= Non-reformist reform =

Reforms that challenge the existing power structure

Non-reformist reform, also referred to as abolitionist reform, anti-capitalist reform, revolutionary reform, structural reform and transformative reform, is a reform that "is conceived, not in terms of what is possible within the framework of a given system and administration, but in view of what should be made possible in terms of human needs and demands". On the other hand, reformist reforms essentially maintain the status quo and do not threaten the existing structure. These have been described as reforms that rationalize or "fine-tune the status quo" by implementing modifications "from the top down", but that fail to address root causes of the issue. As described by philosopher André Gorz, who coined the term non-reformist reform, non-reformist reforms in a capitalist system are anti-capitalist reforms, or reforms that do not base their validity and their right to exist "on capitalist needs, criteria, and rationale", but rather on human ones.

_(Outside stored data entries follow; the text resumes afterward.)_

lemma bernoulli_upper_tail_le_xi:
  fixes p \<alpha> r :: real
  assumes "finite A" "L \<subseteq> A" "0 \<le> p" "p \<le> 1" "p * card L \<le> \<alpha>" "0 < \<alpha>" "1 < r"
    and "0 < j \<Longrightarrow> \<alpha> / log 2 r \<le> \<nu> j"
  shows "bernoulli_avg p A (\<lambda>\<sigma>. of_bool (j = 0 \<or> \<nu> j * log 2 r \<le> card {x\<in>L. \<sigma> x})) \<le> xi \<alpha> r \<nu> j"
proof (cases "j = 0")
  case True
  then show ?thesis using assms(1) by (simp add: xi_def weighted_avg_const sum_bernoulli_weight)
next
  case False
  then have "\<alpha> \<le> \<nu> j * log 2 r" using assms(7,8) by (simp add: divide_le_eq)
  then show ?thesis
    using False bernoulli_upper_tail[of A L p \<alpha> "\<nu> j * log 2 r"] xi_eq[of j r \<alpha> \<nu>] assms by simp
qed

lemma bernoulli_avg_failure_le_error_bound:
  fixes p \<alpha> r :: real and \<mu> \<nu> :: "nat \<Rightarrow> real"
  assumes A: "finite A" "W \<subseteq> A" "L \<subseteq> A" and p: "0 \<le> p" "p \<le> 1"
    and pW: "\<alpha> * r \<le> p * card W" and pL: "p * card L \<le> \<alpha>"
    and \<alpha>: "0 < \<alpha>" and r: "1 < r"
    and \<mu>: "\<forall>i\<in>{1..k}. 0 < \<mu> i \<and> \<mu> i \<le> 1"
    and \<nu>: "\<forall>j\<in>{1..l}. \<alpha> / log 2 r \<le> \<nu> j"
  shows "bernoulli_avg p A (\<lambda>\<sigma>. bernoulli_avg p A (\<lambda>\<tau>.
           (1 - (1/2) ^ card {x\<in>L. \<sigma> x}) ^ card {x\<in>W. \<tau> x})) \<le> error_bound \<alpha> r \<mu> \<nu> k l"
proof -
  define X where "X \<sigma> = card {x\<in>L. \<sigma> x}" for \<sigma> :: "'a \<Rightarrow> bool"
  define Y where "Y \<tau> = card {x\<in>W. \<tau> x}" for \<tau> :: "'a \<Rightarrow> bool"
  define low where "low i \<tau> = (of_bool (i = 0 \<or> Y \<tau> \<le> \<mu> i * \<alpha> * r) :: real)" for i \<tau>
  define high where "high j \<sigma> = (of_bool (j = 0 \<or> \<nu> j * log 2 r \<le> X \<sigma>) :: real)" for j \<sigma>
  let ?th = "theta \<alpha> r \<mu> \<nu>" and ?E = "bernoulli_avg p A"
  have w: "\<And>\<sigma>. 0 \<le> bernoulli_weight p A \<sigma>" "sum (bernoulli_weight p A) (A \<rightarrow>\<^sub>E UNIV) = 1"
    by (simp_all add: bernoulli_weight_nonneg p sum_bernoulli_weight A(1))
  have layered: "(1 - (1/2) ^ X \<sigma>) ^ Y \<tau>
      \<le> (\<Sum>i=1..k. \<Sum>j=1..l. ?th i j * high (j - 1) \<sigma> * low (i - 1) \<tau>) + low k \<tau> + high l \<sigma>" for \<sigma> \<tau>
  proof -
    have "(1 - (1/2) ^ X \<sigma>) ^ Y \<tau>
        \<le> (\<Sum>i=1..k. \<Sum>j=1..l. ?th i j * low (i - 1) \<tau> * high (j - 1) \<sigma>) + low k \<tau> + high l \<sigma>"
      unfolding low_def high_def
      by (rule le_layered_sum[where U = "\<lambda>i. 0 < i \<and> \<mu> i * \<alpha> * r < Y \<tau>"
            and V = "\<lambda>j. 0 < j \<and> X \<sigma> < \<nu> j * log 2 r", unfolded de_Morgan_conj not_gr_zero, unfolded not_less])
        (use one_minus_half_power_le_theta[OF r] in \<open>auto simp: theta_def power_le_one\<close>)
    then show ?thesis by (simp add: mult_ac)
  qed
  have "?E (\<lambda>\<sigma>. ?E (\<lambda>\<tau>. (1 - (1/2) ^ X \<sigma>) ^ Y \<tau>))
      \<le> ?E (\<lambda>\<sigma>. ?E (\<lambda>\<tau>. (\<Sum>i=1..k. \<Sum>j=1..l. ?th i j * high (j - 1) \<sigma> * low (i - 1) \<tau>)
           + low k \<tau> + high l \<sigma>))"
    by (intro weighted_avg_mono w layered)
  also have "\<dots> = (\<Sum>i=1..k. \<Sum>j=1..l. ?th i j * ?E (high (j - 1)) * ?E (low (i - 1)))
      + ?E (low k) + ?E (high l)"
    by (simp add: weighted_avg_add weighted_avg_sum weighted_avg_mult_left weighted_avg_mult_right
        weighted_avg_const w)
  also have "\<dots> \<le> error_bound \<alpha> r \<mu> \<nu> k l"
  proof -
    have low: "?E (low i) \<le> zeta \<alpha> r \<mu> i" if "i \<le> k" for i
      unfolding low_def Y_def using \<mu> that by (intro bernoulli_lower_tail_le_zeta A p pW \<alpha> r) auto
    have high: "?E (high j) \<le> xi \<alpha> r \<nu> j" if "j \<le> l" for j
      unfolding high_def X_def using \<nu> that by (intro bernoulli_upper_tail_le_xi A p pL \<alpha> r) auto
    have "?th i j * ?E (high (j - 1)) * ?E (low (i - 1)) \<le> ?th i j * zeta \<alpha> r \<mu> (i - 1) * xi \<alpha> r \<nu> (j - 1)"
      if "i \<in> {1..k}" "j \<in> {1..l}" for i j
    proof -
      have "?E (high (j - 1)) * ?E (low (i - 1)) \<le> xi \<alpha> r \<nu> (j - 1) * zeta \<alpha> r \<mu> (i - 1)"
        using high[of "j - 1"] low[of "i - 1"] that
        by (intro mult_mono) (auto simp: xi_def low_def intro: weighted_avg_nonneg w)
      then show ?thesis
        by (simp add: mult.assoc mult.commute[of "zeta _ _ _ _"] mult_left_mono theta_def)
    qed
    then show ?thesis
      unfolding error_bound_def using low[of k] high[of l] by (intro add_mono sum_mono) auto
  qed
  finally show ?thesis unfolding X_def Y_def .
qed
(* Let $n, r, d$ be positive integers with $n\geqslant r+1$ and $d\geqslant2$. Then $\mathcal{C}_r^d$ is a percolating set of $K_n^d$ in the $r$-neighbor bootstrap percolation process.
   Context: All graphs are finite, simple and undirected. For a nonnegative integer $r$ and a graph $G$, the $r$-neighbor bootstrap percolation process on $G$ starts with a set $A_0\subseteq V(G)$ of initially active vertices, and for $i\geqslant 1$, $A_i=A_{i-1}\cup\{v\in V(G) : |N(v)\cap A_{i-1}|\geqslant r\}$. The set $A_0$ is a percolating set if $\bigcup_{i\geqslant 0}A_i=V(G)$. $K_n^d$ has vertex set $[\![n]\!]^d$, where $[\![n]\!]=\{0,1,\ldots,n-1\}$, and two vertices are adjacent iff they differ in exactly one coordinate. Let $\delta=(d-2)/(d-1)$. For $t=(t_1,\ldots,t_d)\in\{0,1\}^d$ and $P\subseteq[\![n]\!]^d$, let $P(t)$ be the set of $(x_1,\ldots,x_d)\in[\![n]\!]^d$ for which there is $(p_1,\ldots,p_d)\in P$ with $x_i=t_i(n-1-p_i)+(1-t_i)p_i$ for all $i$. Let $A_r^d=\{(x_1,\ldots,x_d)\in[\![n]\!]^d : \sum_{i=1}^d x_i\leqslant\lceil r/2\rceil-1\}$, $B_r^d=\{(x_1,\ldots,x_d)\in[\![n]\!]^d : x_1+x_2+\delta\sum_{i=3}^d x_i<\delta(\lceil r/2\rceil-1)\}$, $C_r^d=A_r^d\setminus B_r^d$, $T=\{(t_1,\ldots,t_d)\in\{0,1\}^d : t_1=t_2\}$, and $\mathcal{C}_r^d=\bigcup_{t\in T}C_r^d(t)$. *)

theory Defs
  imports Complex_Main
begin

definition bp_step :: "'a set \<Rightarrow> ('a \<Rightarrow> 'a \<Rightarrow> bool) \<Rightarrow> nat \<Rightarrow> 'a set \<Rightarrow> 'a set" where
  "bp_step V adj r A = A \<union> {v \<in> V. card {u \<in> V. adj v u \<and> u \<in> A} \<ge> r}"

definition bp_iter :: "'a set \<Rightarrow> ('a \<Rightarrow> 'a \<Rightarrow> bool) \<Rightarrow> nat \<Rightarrow> 'a set \<Rightarrow> nat \<Rightarrow> 'a set" where
  "bp_iter V adj r A0 i = ((bp_step V adj r) ^^ i) A0"

definition percolating :: "'a set \<Rightarrow> ('a \<Rightarrow> 'a \<Rightarrow> bool) \<Rightarrow> nat \<Rightarrow> 'a set \<Rightarrow> bool" where
  "percolating V adj r A0 \<longleftrightarrow> A0 \<subseteq> V \<and> (\<Union>i. bp_iter V adj r A0 i) = V"
lemma bij_betw_permutes_orderings:
  "bij_betw (\<lambda>\<sigma>. map \<sigma> [1..<Suc n]) {\<sigma>. \<sigma> permutes {1..n}} (permutations_of_set {1..n})"
proof -
  let ?f = "\<lambda>\<sigma>. map \<sigma> [1..<Suc n]"
  have inj: "inj_on ?f {\<sigma>. \<sigma> permutes {1..n}}"
  proof
    fix \<sigma> \<tau> assume \<sigma>: "\<sigma> \<in> {\<sigma>. \<sigma> permutes {1..n}}" and \<tau>: "\<tau> \<in> {\<sigma>. \<sigma> permutes {1..n}}"
      and eq: "?f \<sigma> = ?f \<tau>"
    show "\<sigma> = \<tau>"
    proof
      fix i
      show "\<sigma> i = \<tau> i"
      proof (cases "i \<in> {1..n}")
        case True
        then show ?thesis using eq by (auto simp: map_eq_conv)
      next
        case False
        then show ?thesis using \<sigma> \<tau> by (simp add: permutes_not_in)
      qed
    qed
  qed
  have "?f \<sigma> \<in> permutations_of_set {1..n}" if \<sigma>: "\<sigma> permutes {1..n}" for \<sigma>
  proof (rule permutations_of_setI)
    have "set [1..<Suc n] = {1..n}" by auto
    then show "set (?f \<sigma>) = {1..n}" by (simp only: set_map permutes_image[OF \<sigma>])
    show "distinct (?f \<sigma>)"
      using permutes_inj_on[OF \<sigma>] by (simp add: distinct_map inj_on_subset)
  qed
  moreover have "card (?f ` {\<sigma>. \<sigma> permutes {1..n}}) = card (permutations_of_set {1..n})"
    using card_image[OF inj] card_permutations[of "{1..n}" n] by simp
  ultimately have "?f ` {\<sigma>. \<sigma> permutes {1..n}} = permutations_of_set {1..n}"
    by (intro card_subset_eq) auto
  with inj show ?thesis unfolding bij_betw_def by auto
qed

Non-reformist reforms have been identified as reforms that "challenge existing power relations and pave the way for more revolutionary changes in the larger society necessary for a more socially just and environmentally sustainable world", those that create and recreate "the capacity to cumulatively transform the existing system" and those that abolish and undermine the very foundations of the existing structure. Scholars identify that for this to truly be possible, these reforms cannot "be taken for the poor or the racialized" under the assumption that "those deemed poor or racialized are not able to take action themselves". In other words, the marginalized cannot be "passive agents" in the process, but must be transformative subjects who "are active in reordering social relationships, diagnosing social inequalities, and mobilizing for a better way of socially organizing the world".

== Challenges ==
Creating non-reformist reforms is often cited as difficult. One challenge to creating non-reformist reform is the risk of co-option, incorporation and depoliticization, or mainstreaming, of the demands of social movements. Lawyer and activist Dean Spade identifies mainstreaming as "when a very oppressive harmful institution tries to use an emptied-out version of [for example] queer politics as a PR stunt for itself, but queer people don't get anything out of it". Spade states that mainstreaming can be identified when "new forms of visibility" for the social justice issue in question become visible, but only under a form of "conditional acceptance" or respectability to the dominant system. Mainstreaming results in the "deployment of 'deserving' figures" in which a select group of people who the social justice issue pertains to become cast as "hardworking", "professionals", or "things that are tolerable" to the dominant system while others are simultaneously cast as "undeserving" and are excluded. Mainstreaming then produces reformist reform or recuperative reform proposals that reinforce or recuperate harmful institutions while the harm and violence actually continues. Janet Newman states that "women's claims for equality [in the new social movements of the 1960s and 1970s] had been incorporated through processes of 'mainstreaming' that have served to bureaucratize and depoliticize feminism".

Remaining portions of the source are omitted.